ASSIGNMENT -> What is needed here is an exact repetition of the records below, beginning at the line that has "by (intro image_mono act_mono) auto" and stopping after the line that has "using dim_subset[OF act_Int_rho_image_subset]".

**** TASK MATERIAL ****

(* Let $G$ be an Abelian group and $(\rho,V)$ a linear representation of $G$ on a finite-dimensional vector space $V$ over a field $k$. Let $A$ be a nonempty finite subset of $G$ and $Y\neq\{0\}$ a $k$-subspace of $V$ with $\dim(A\cdot Y)\leq\alpha\dim(Y)$ for some $\alpha\in\mathbb{R}_{\geq0}$. Then there exists a $k$-subspace $Z\neq\{0\}$ of $Y$ such that $\dim(AC\cdot Z)\leq\alpha\dim(C\cdot Z)$ for every finite subset $C$ of $G$.
   Context: $g\cdot v=\rho(g)v$; for $S\subset G$ and a subspace $Z$, $S\cdot Z$ denotes the $k$-span of $\{s\cdot z\mid s\in S,z\in Z\}$; $AC=\{ac\mid a\in A,c\in C\}$. *)

theory Defs
  imports Complex_Main
begin

definition act_span ::
  "('k::field \<Rightarrow> 'v::ab_group_add \<Rightarrow> 'v) \<Rightarrow> ('g \<Rightarrow> 'v \<Rightarrow> 'v) \<Rightarrow> 'g set \<Rightarrow> 'v set \<Rightarrow> 'v set"
  where "act_span scale rho S Z = module.span scale {rho s z | s z. s \<in> S \<and> z \<in> Z}"

text \<open>Product set AC (the group is written additively).\<close>
definition set_prod :: "'g::ab_group_add set \<Rightarrow> 'g set \<Rightarrow> 'g set"
  where "set_prod A C = {a + c | a c. a \<in> A \<and> c \<in> C}"

definition is_rep ::
  "('k::field \<Rightarrow> 'v::ab_group_add \<Rightarrow> 'v) \<Rightarrow> ('g::ab_group_add \<Rightarrow> 'v \<Rightarrow> 'v) \<Rightarrow> bool"
  where "is_rep scale rho \<longleftrightarrow>
     (\<forall>g. Vector_Spaces.linear scale scale (rho g)) \<and>
     rho 0 = id \<and> (\<forall>g h. rho (g + h) = rho g \<circ> rho h)"

end

theory Submission imports Defs begin

(* Among the nonzero subspaces Z of Y choose one minimising K = dim (A\<cdot>Z) / dim Z;
   testing Z = Y gives K \<le> \<alpha>. Petridis' argument then shows dim (AC\<cdot>Z) \<le> K dim (C\<cdot>Z)
   by adding the elements g of C one at a time. The key object is the subspace
   Z' = {z \<in> Z. (g + A)\<cdot>z \<subseteq> AC\<cdot>Z}: the translate g\<cdot>(A\<cdot>Z') lies in the overlap of
   AC\<cdot>Z with the new part (g + A)\<cdot>Z, so by minimality that overlap has dimension at
   least K dim Z', while the overlap of C\<cdot>Z with g\<cdot>Z lies in g\<cdot>Z'. The dimension formula
   dim (U + W) = dim U + dim W - dim (U \<inter> W) for both sums closes the induction. *)

lemma (in vector_space) finite_dimensional_if_finite_span:
  assumes "finite S" and "span S = UNIV"
  shows "\<exists>Basis. finite_dimensional_vector_space scale Basis"
proof -
  obtain B where B: "independent B" "UNIV \<subseteq> span B"
    using basis_exists[of UNIV] by blast
  have "finite B"
    using independent_span_bound[OF assms(1) B(1)] assms(2) by blast
  then have "finite_dimensional_vector_space scale B"
    by unfold_locales (use B in auto)
  then show ?thesis ..
qed

context finite_dimensional_vector_space begin

lemma dim_linear_inj_image:
  assumes "Vector_Spaces.linear scale scale f" and "inj f"
  shows "dim (f ` S) = dim S"
proof -
  interpret finite_dimensional_vector_space_pair_1 scale Basis scale
    by unfold_locales
  show ?thesis
    using dim_image_eq[OF assms(1)] assms(2) by (meson inj_on_subset subset_UNIV)
qed

lemma dim_pos_iff_nonzero_subspace:
  assumes "subspace Z"
  shows "0 < dim Z \<longleftrightarrow> Z \<noteq> {0}"
  using subspace_0[OF assms] by (simp add: zero_less_iff_neq_zero) blast

lemma exists_subspace_min_ratio:
  fixes f :: "'b set \<Rightarrow> nat"
  assumes Y: "subspace Y" "Y \<noteq> {0}" and bounded: "\<And>Z. f Z \<le> N"
  obtains Z K where "subspace Z" "Z \<subseteq> Y" "Z \<noteq> {0}" "0 \<le> K"
    "real (f Z) = K * real (dim Z)"
    "\<And>Z'. subspace Z' \<Longrightarrow> Z' \<subseteq> Y \<Longrightarrow> K * real (dim Z') \<le> real (f Z')"
proof -
  define S where "S = {Z. subspace Z \<and> Z \<subseteq> Y \<and> Z \<noteq> {0}}"
  define r where "r Z = real (f Z) / real (dim Z)" for Z
  have "r ` S \<subseteq> (\<lambda>(p, q). real p / real q) ` ({..N} \<times> {..dimension})"
    unfolding r_def using bounded dim_subset_UNIV by fastforce
  then have fin: "finite (r ` S)"
    by (rule finite_subset) simp
  have "Y \<in> S"
    unfolding S_def using Y by blast
  then have "Min (r ` S) \<in> r ` S"
    using fin by (intro Min_in) auto
  then obtain Z where Z: "Z \<in> S" "r Z = Min (r ` S)" by (metis imageE)
  have dim_Z: "0 < dim Z"
    using Z(1) dim_pos_iff_nonzero_subspace unfolding S_def by blast
  show thesis
  proof
    show "subspace Z" "Z \<subseteq> Y" "Z \<noteq> {0}" "0 \<le> r Z"
      using Z(1) unfolding S_def r_def by auto
    show "real (f Z) = r Z * real (dim Z)"
      unfolding r_def using dim_Z by (simp del: dim_eq_0)
  next
    fix Z' assume Z': "subspace Z'" "Z' \<subseteq> Y"
    show "r Z * real (dim Z') \<le> real (f Z')"
    proof (cases "Z' = {0}")
      case False
      then have "r Z \<le> r Z'" and "0 < dim Z'"
        using Z' Z(2) fin dim_pos_iff_nonzero_subspace by (auto simp: S_def)
      then show ?thesis
        unfolding r_def by (simp add: le_divide_eq)
    qed simp
  qed
qed

end

lemma set_prod_empty [simp]: "set_prod A {} = {}"
  by (simp add: set_prod_def)

lemma set_prod_insert: "set_prod A (insert g C) = set_prod A C \<union> (+) g ` A"
  unfolding set_prod_def by (auto simp: add.commute)

lemma translate_subset_set_prod: "a \<in> A \<Longrightarrow> (+) a ` C \<subseteq> set_prod A C"
  unfolding set_prod_def by auto

locale finite_dimensional_representation = finite_dimensional_vector_space +
  fixes rho :: "'g::ab_group_add \<Rightarrow> 'b \<Rightarrow> 'b"
  assumes is_rep: "is_rep scale rho"
begin

abbreviation act :: "'g set \<Rightarrow> 'b set \<Rightarrow> 'b set"
  where "act S Z \<equiv> act_span scale rho S Z"

lemma linear_rho: "Vector_Spaces.linear scale scale (rho g)"
  using is_rep unfolding is_rep_def by blast

lemma module_hom_rho: "module_hom scale scale (rho g)"
  using linear_rho by (simp add: module_hom_iff_linear)

lemma rho_rho [simp]: "rho g (rho h x) = rho (g + h) x"
  using is_rep unfolding is_rep_def by simp

lemma rho_zero [simp]: "rho 0 x = x"
  using is_rep unfolding is_rep_def by simp

lemma inj_rho: "inj (rho g)"
  by (rule inj_on_inverseI[where g = "rho (- g)"]) simp

lemma dim_rho_image [simp]: "dim (rho g ` S) = dim S"
  by (rule dim_linear_inj_image[OF linear_rho inj_rho])

lemma subspace_act: "subspace (act S Z)"
  unfolding act_span_def by (rule subspace_span)

lemma act_mono: "S \<subseteq> S' \<Longrightarrow> Z \<subseteq> Z' \<Longrightarrow> act S Z \<subseteq> act S' Z'"
  unfolding act_span_def by (rule span_mono) blast

lemma act_Un: "act (S \<union> T) Z = {x + y | x y. x \<in> act S Z \<and> y \<in> act T Z}"
proof -
  have "{rho s z | s z. s \<in> S \<union> T \<and> z \<in> Z} =
        {rho s z | s z. s \<in> S \<and> z \<in> Z} \<union> {rho s z | s z. s \<in> T \<and> z \<in> Z}"
    by blast
  then show ?thesis
    unfolding act_span_def by (simp add: span_Un)
qed

lemma rho_image_act: "rho g ` act S Z = act ((+) g ` S) Z"
proof -
  have "rho g ` {rho s z | s z. s \<in> S \<and> z \<in> Z} = {rho s z | s z. s \<in> (+) g ` S \<and> z \<in> Z}"
    (is "?L = ?R")
  proof (intro equalityI subsetI)
    fix x assume "x \<in> ?L"
    then obtain s z where "s \<in> S" "z \<in> Z" "x = rho (g + s) z" by auto
    then show "x \<in> ?R" by blast
  next
    fix x assume "x \<in> ?R"
    then obtain s z where "s \<in> S" "z \<in> Z" "x = rho g (rho s z)" by auto
    then show "x \<in> ?L" by blast
  qed
  then show ?thesis
    unfolding act_span_def module_hom.span_image[OF module_hom_rho, symmetric] by simp
qed

lemma act_singleton: "subspace Z \<Longrightarrow> act {g} Z = rho g ` Z"
  using rho_image_act[of g "{0}" Z]
  by (simp add: act_span_def image_image span_eq_iff[THEN iffD2] Setcompr_eq_image)

lemma subspace_translates_in:
  assumes "subspace Z" and "subspace U"
  shows "subspace {z \<in> Z. \<forall>a\<in>A. rho (g + a) z \<in> U}"
  using assms module_hom.zero[OF module_hom_rho] module_hom.add[OF module_hom_rho]
    module_hom.scale[OF module_hom_rho]
  unfolding subspace_def by auto

lemma rho_image_act_translates_in:
  assumes "subspace U"
  shows "rho g ` act A {z \<in> Z. \<forall>a\<in>A. rho (g + a) z \<in> U} \<subseteq> U \<inter> rho g ` act A Z"
proof -
  have "act ((+) g ` A) {z \<in> Z. \<forall>a\<in>A. rho (g + a) z \<in> U} \<subseteq> U"
    unfolding act_span_def by (rule span_minimal[OF _ assms]) blast
  moreover have "rho g ` act A {z \<in> Z. \<forall>a\<in>A. rho (g + a) z \<in> U} \<subseteq> rho g ` act A Z"
    by (intro image_mono act_mono) auto
  ultimately show ?thesis
    unfolding rho_image_act by blast
qed

lemma act_Int_rho_image_subset:
  "act C Z \<inter> rho g ` Z \<subseteq> rho g ` {z \<in> Z. \<forall>a\<in>A. rho (g + a) z \<in> act (set_prod A C) Z}"
proof
  fix x assume x: "x \<in> act C Z \<inter> rho g ` Z"
  then obtain z where z: "z \<in> Z" "x = rho g z" by blast
  have "rho (g + a) z \<in> act (set_prod A C) Z" if "a \<in> A" for a
  proof -
    have "rho a x \<in> rho a ` act C Z"
      using x by blast
    also have "\<dots> \<subseteq> act (set_prod A C) Z"
      unfolding rho_image_act using that by (intro act_mono translate_subset_set_prod) auto
    finally show ?thesis
      using z by (simp add: add.commute)
  qed
  then show "x \<in> rho g ` {z \<in> Z. \<forall>a\<in>A. rho (g + a) z \<in> act (set_prod A C) Z}"
    using z by blast
qed

lemma dim_act_set_prod_le:
  assumes Z: "subspace Z" and K: "0 \<le> K"
    and ratio: "real (dim (act A Z)) = K * real (dim Z)"
    and minimal: "\<And>Z'. subspace Z' \<Longrightarrow> Z' \<subseteq> Z \<Longrightarrow> K * real (dim Z') \<le> real (dim (act A Z'))"
    and "finite C"
  shows "real (dim (act (set_prod A C) Z)) \<le> K * real (dim (act C Z))"
  using \<open>finite C\<close>
proof (induction C rule: finite_induct)
  case (insert g C)
  define U where "U = act (set_prod A C) Z"
  define W where "W = rho g ` act A Z"
  define P where "P = act C Z"
  define Q where "Q = rho g ` Z"
  define Z' where "Z' = {z \<in> Z. \<forall>a\<in>A. rho (g + a) z \<in> U}"
  have subspaces: "subspace U" "subspace W" "subspace P" "subspace Q"
    unfolding U_def W_def P_def Q_def rho_image_act act_singleton[OF Z, symmetric]
    by (rule subspace_act)+
  have "K * real (dim Z') \<le> real (dim (act A Z'))"
    by (rule minimal) (use subspace_translates_in[OF Z subspaces(1)] in \<open>auto simp: Z'_def\<close>)
  also have "dim (act A Z') \<le> dim (U \<inter> W)"
    using dim_subset[OF rho_image_act_translates_in[OF subspaces(1)]]
    by (simp add: Z'_def W_def)
  finally have lower: "K * real (dim Z') \<le> real (dim (U \<inter> W))" by simp
  have "dim (P \<inter> Q) \<le> dim Z'"
    using dim_subset[OF act_Int_rho_image_subset] by (simp add: P_def Q_def Z'_def U_def)
  then have upper: "K * real (dim (P \<inter> Q)) \<le> K * real (dim Z')"
    using K by (simp add: mult_left_mono)
  have "dim (act (set_prod A (insert g C)) Z) + dim (U \<inter> W) = dim U + dim (act A Z)"
    using dim_sums_Int[OF subspaces(1,2)] dim_rho_image[of g "act A Z"]
    unfolding set_prod_insert act_Un U_def W_def rho_image_act by simp
  moreover have "dim (act (insert g C) Z) + dim (P \<inter> Q) = dim P + dim Z"
    using dim_sums_Int[OF subspaces(3,4)] act_Un[of C "{g}" Z] act_singleton[OF Z]
    by (simp add: P_def Q_def)
  ultimately have
    "real (dim (act (set_prod A (insert g C)) Z)) + real (dim (U \<inter> W))
       = real (dim U) + K * real (dim Z)"
    "real (dim (act (insert g C) Z)) + real (dim (P \<inter> Q)) = real (dim P) + real (dim Z)"
    using ratio by (metis of_nat_add)+
  moreover from this(2) have
    "K * real (dim (act (insert g C) Z))
       = K * real (dim P) + K * real (dim Z) - K * real (dim (P \<inter> Q))"
    by (metis add_diff_cancel_right' distrib_left)
  ultimately show ?case
    using insert.IH lower upper unfolding U_def P_def by linarith
qed (simp add: act_span_def)

end

theorem mainTheorem18:
  fixes scale :: "'k::field \<Rightarrow> 'v::ab_group_add \<Rightarrow> 'v"
    and rho :: "'g::ab_group_add \<Rightarrow> 'v \<Rightarrow> 'v"
    and A :: "'g set" and Y :: "'v set" and \<alpha> :: real
  assumes vs: "vector_space scale"
    and fin_dim: "\<exists>B. finite B \<and> module.span scale B = UNIV"
    and rep: "is_rep scale rho"
    and A_fin: "finite A" and A_ne: "A \<noteq> {}"
    and Y_sub: "module.subspace scale Y" and Y_nz: "Y \<noteq> {0}"
    and alpha_nn: "\<alpha> \<ge> 0"
    and growth: "real (vector_space.dim scale (act_span scale rho A Y))
                   \<le> \<alpha> * real (vector_space.dim scale Y)"
  shows "\<exists>Z. module.subspace scale Z \<and> Z \<subseteq> Y \<and> Z \<noteq> {0} \<and>
           (\<forall>C. finite C \<longrightarrow>
              real (vector_space.dim scale (act_span scale rho (set_prod A C) Z))
                \<le> \<alpha> * real (vector_space.dim scale (act_span scale rho C Z)))"
proof -
  obtain Basis where "finite_dimensional_vector_space scale Basis"
    using vector_space.finite_dimensional_if_finite_span[OF vs] fin_dim by blast
  then interpret finite_dimensional_representation scale Basis rho
    using rep
    by (intro finite_dimensional_representation.intro finite_dimensional_representation_axioms.intro)
  obtain Z K where Z: "subspace Z" "Z \<subseteq> Y" "Z \<noteq> {0}" "0 \<le> K"
      "real (dim (act A Z)) = K * real (dim Z)"
    and minimal: "\<And>Z'. subspace Z' \<Longrightarrow> Z' \<subseteq> Y \<Longrightarrow> K * real (dim Z') \<le> real (dim (act A Z'))"
    using exists_subspace_min_ratio[OF Y_sub Y_nz dim_subset_UNIV] by blast
  have "K * real (dim Y) \<le> \<alpha> * real (dim Y)"
    using minimal[OF Y_sub order_refl] growth by linarith
  then have "K \<le> \<alpha>"
    using dim_pos_iff_nonzero_subspace[OF Y_sub] Y_nz by simp
  have "real (dim (act (set_prod A C) Z)) \<le> \<alpha> * real (dim (act C Z))" if "finite C" for C
  proof -
    have "real (dim (act (set_prod A C) Z)) \<le> K * real (dim (act C Z))"
      by (rule dim_act_set_prod_le[OF Z(1,4,5) _ that]) (meson minimal Z(2) order_trans)
    also have "\<dots> \<le> \<alpha> * real (dim (act C Z))"
      using \<open>K \<le> \<alpha>\<close> by (simp add: mult_right_mono)
    finally show ?thesis .
  qed
  then show ?thesis
    using Z by blast
qed

end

****

WRITTEN RESPONSE ->
    by (intro image_mono act_mono) auto
  ultimately show ?thesis
    unfolding rho_image_act by blast
qed

lemma act_Int_rho_image_subset:
  "act C Z \<inter> rho g ` Z \<subseteq> rho g ` {z \<in> Z. \<forall>a\<in>A. rho (g + a) z \<in> act (set_prod A C) Z}"
proof
  fix x assume x: "x \<in> act C Z \<inter> rho g ` Z"
  then obtain z where z: "z \<in> Z" "x = rho g z" by blast
  have "rho (g + a) z \<in> act (set_prod A C) Z" if "a \<in> A" for a
  proof -
    have "rho a x \<in> rho a ` act C Z"
      using x by blast
    also have "\<dots> \<subseteq> act (set_prod A C) Z"
      unfolding rho_image_act using that by (intro act_mono translate_subset_set_prod) auto
    finally show ?thesis
      using z by (simp add: add.commute)
  qed
  then show "x \<in> rho g ` {z \<in> Z. \<forall>a\<in>A. rho (g + a) z \<in> act (set_prod A C) Z}"
    using z by blast
qed

lemma dim_act_set_prod_le:
  assumes Z: "subspace Z" and K: "0 \<le> K"
    and ratio: "real (dim (act A Z)) = K * real (dim Z)"
    and minimal: "\<And>Z'. subspace Z' \<Longrightarrow> Z' \<subseteq> Z \<Longrightarrow> K * real (dim Z') \<le> real (dim (act A Z'))"
    and "finite C"
  shows "real (dim (act (set_prod A C) Z)) \<le> K * real (dim (act C Z))"
  using \<open>finite C\<close>
proof (induction C rule: finite_induct)
  case (insert g C)
  define U where "U = act (set_prod A C) Z"
  define W where "W = rho g ` act A Z"
  define P where "P = act C Z"
  define Q where "Q = rho g ` Z"
  define Z' where "Z' = {z \<in> Z. \<forall>a\<in>A. rho (g + a) z \<in> U}"
  have subspaces: "subspace U" "subspace W" "subspace P" "subspace Q"
    unfolding U_def W_def P_def Q_def rho_image_act act_singleton[OF Z, symmetric]
    by (rule subspace_act)+
  have "K * real (dim Z') \<le> real (dim (act A Z'))"
    by (rule minimal) (use subspace_translates_in[OF Z subspaces(1)] in \<open>auto simp: Z'_def\<close>)
  also have "dim (act A Z') \<le> dim (U \<inter> W)"
    using dim_subset[OF rho_image_act_translates_in[OF subspaces(1)]]
    by (simp add: Z'_def W_def)
  finally have lower: "K * real (dim Z') \<le> real (dim (U \<inter> W))" by simp
  have "dim (P \<inter> Q) \<le> dim Z'"
    using dim_subset[OF act_Int_rho_image_subset] by (simp add: P_def Q_def Z'_def U_def)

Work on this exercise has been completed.